[Data items]

━━━━━━━━

theorem proposition1:
  fixes n m q :: nat and ns :: "nat \<Rightarrow> nat"
    and A B W K Z J S :: "real mat" and R :: "nat \<Rightarrow> real mat"
    and \<sigma> T2 :: "nat \<Rightarrow> real"
  assumes "n \<ge> 1" "m \<ge> 1" "1 \<le> q" "q \<le> n"
    and "\<forall>j<q. ns j \<ge> 1" "(\<Sum>j<q. ns j) = n"
    and "A \<in> carrier_mat n n" "B \<in> carrier_mat n m"
    and "\<forall>j<q. T2 j > 0"
    and "pos_def n W" "K \<in> carrier_mat m n"
    and "\<forall>j<q. pos_def (ns j) (R j)" "diag_pos m S"
    and "\<forall>j<q. \<sigma> j > 0"
    and "Z \<in> carrier_mat m n" "J \<in> carrier_mat m n"
  shows "(\<forall>\<tau> :: nat \<Rightarrow> real. (\<forall>j<q. 0 \<le> \<tau> j \<and> \<tau> j \<le> T2 j) \<longrightarrow>
           (let R\<tau> = blockdiag q ns (\<lambda>j. exp (\<sigma> j * \<tau> j) \<cdot>\<^sub>m R j);
                \<Sigma> = blockdiag q ns (\<lambda>j. \<sigma> j \<cdot>\<^sub>m 1\<^sub>m (ns j))
            in neg_def (sym_block3 n n m
                 (He ((A + B * K) * W)) (- (B * K)) (B * S - W * transpose_mat K - transpose_mat Z)
                 (He (R\<tau> * A) - \<Sigma> * R\<tau>) (transpose_mat K - transpose_mat J)
                 (- (2 \<cdot>\<^sub>m S)))))
         \<longleftrightarrow>
         (\<forall>\<psi> :: nat \<Rightarrow> real. (\<forall>j<q. \<psi> j \<in> {1, exp (\<sigma> j * T2 j)}) \<longrightarrow>
           (let \<Psi> = blockdiag q ns (\<lambda>j. \<psi> j \<cdot>\<^sub>m 1\<^sub>m (ns j));
                Rhat = blockdiag q ns R;
                \<Sigma> = blockdiag q ns (\<lambda>j. \<sigma> j \<cdot>\<^sub>m 1\<^sub>m (ns j))
            in neg_def (sym_block3 n n m
                 (He ((A + B * K) * W)) (- (B * K)) (B * S - W * transpose_mat K - transpose_mat Z)
                 (He (Rhat * \<Psi> * A) - \<Sigma> * Rhat * \<Psi>) (transpose_mat K - transpose_mat J)
                 (- (2 \<cdot>\<^sub>m S)))))"
proof -
  let ?Rh = "blockdiag q ns R"
  let ?\<Sigma> = "blockdiag q ns (\<lambda>j. \<sigma> j \<cdot>\<^sub>m 1\<^sub>m (ns j))"
  let ?\<Psi> = "\<lambda>\<psi>. blockdiag q ns (\<lambda>j. \<psi> j \<cdot>\<^sub>m 1\<^sub>m (ns j))"
  let ?\<Phi> = "\<lambda>\<psi>. sym_block3 n n m
                 (He ((A + B * K) * W)) (- (B * K)) (B * S - W * transpose_mat K - transpose_mat Z)
                 (He (?Rh * ?\<Psi> \<psi> * A) - ?\<Sigma> * ?Rh * ?\<Psi> \<psi>) (transpose_mat K - transpose_mat J) (- (2 \<cdot>\<^sub>m S))"
  have size: "blk_off ns q = n"
    using assms(6) by (simp add: blk_off_def)
  have R: "\<And>j. j < q \<Longrightarrow> R j \<in> carrier_mat (ns j) (ns j)"
    using assms(12) by (simp add: pos_def_def)
  have Rh: "?Rh \<in> carrier_mat n n" and \<Sigma>: "?\<Sigma> \<in> carrier_mat n n" and \<Psi>: "\<And>\<psi>. ?\<Psi> \<psi> \<in> carrier_mat n n"
    using blockdiag_carrier size by metis+
  have R\<tau>: "blockdiag q ns (\<lambda>j. exp (\<sigma> j * \<tau> j) \<cdot>\<^sub>m R j) = ?Rh * ?\<Psi> (\<lambda>j. exp (\<sigma> j * \<tau> j))"
    for \<tau> :: "nat \<Rightarrow> real"
    using R by (rule blockdiag_smult_blocks)
  have \<Sigma>_assoc: "?\<Sigma> * (?Rh * X) = ?\<Sigma> * ?Rh * X" if "X \<in> carrier_mat n n" for X
    using \<Sigma> Rh that by simp
  have \<Phi>_affine: "?\<Phi> (\<lambda>j. (1 - t) * \<psi> j + t * \<psi>' j) = (1 - t) \<cdot>\<^sub>m ?\<Phi> \<psi> + t \<cdot>\<^sub>m ?\<Phi> \<psi>'"
    for t \<psi> \<psi>'
    unfolding blockdiag_scalar_lincomb He_mult_diff_lincomb[OF Rh mult_carrier_mat[OF \<Sigma> Rh] assms(7) \<Psi> \<Psi>]
    using Rh \<Sigma> \<Psi>[of \<psi>] \<Psi>[of \<psi>'] assms(7)
    by (intro sym_block3_affine_middle) (auto simp: He_def)
  have \<Phi>_cong: "?\<Phi> \<psi> = ?\<Phi> \<psi>'" if "\<forall>j<q. \<psi> j = \<psi>' j" for \<psi> \<psi>'
    using that by (simp cong: blockdiag_cong)
  have "(\<forall>\<tau>. (\<forall>j<q. 0 \<le> \<tau> j \<and> \<tau> j \<le> T2 j) \<longrightarrow> neg_def (?\<Phi> (\<lambda>j. exp (\<sigma> j * \<tau> j))))
     \<longleftrightarrow> (\<forall>\<psi>. (\<forall>j<q. \<psi> j \<in> {1, exp (\<sigma> j * T2 j)}) \<longrightarrow> neg_def (?\<Phi> \<psi>))"
  proof (rule neg_def_exp_box_iff_vertices)
    show "?\<Phi> \<psi> \<in> carrier_mat (n + n + m) (n + n + m)" for \<psi>
      by (simp add: sym_block3_def)
  qed (use \<Phi>_affine \<Phi>_cong assms(9,14) in \<open>auto simp: less_imp_le\<close>)
  then show ?thesis
    unfolding Let_def R\<tau> \<Sigma>_assoc[OF \<Psi>] .
qed

end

━━━━━━━━

Requirement: Copy exactly the lines above, from the one containing "j * \<tau> j))))" through the very last line.

Your response:
  have "(\<forall>\<tau>. (\<forall>j<q. 0 \<le> \<tau> j \<and> \<tau> j \<le> T2 j) \<longrightarrow> neg_def (?\<Phi> (\<lambda>j. exp (\<sigma> j * \<tau> j))))
     \<longleftrightarrow> (\<forall>\<psi>. (\<forall>j<q. \<psi> j \<in> {1, exp (\<sigma> j * T2 j)}) \<longrightarrow> neg_def (?\<Phi> \<psi>))"
  proof (rule neg_def_exp_box_iff_vertices)
    show "?\<Phi> \<psi> \<in> carrier_mat (n + n + m) (n + n + m)" for \<psi>
      by (simp add: sym_block3_def)
  qed (use \<Phi>_affine \<Phi>_cong assms(9,14) in \<open>auto simp: less_imp_le\<close>)
  then show ?thesis
    unfolding Let_def R\<tau> \<Sigma>_assoc[OF \<Psi>] .
qed

end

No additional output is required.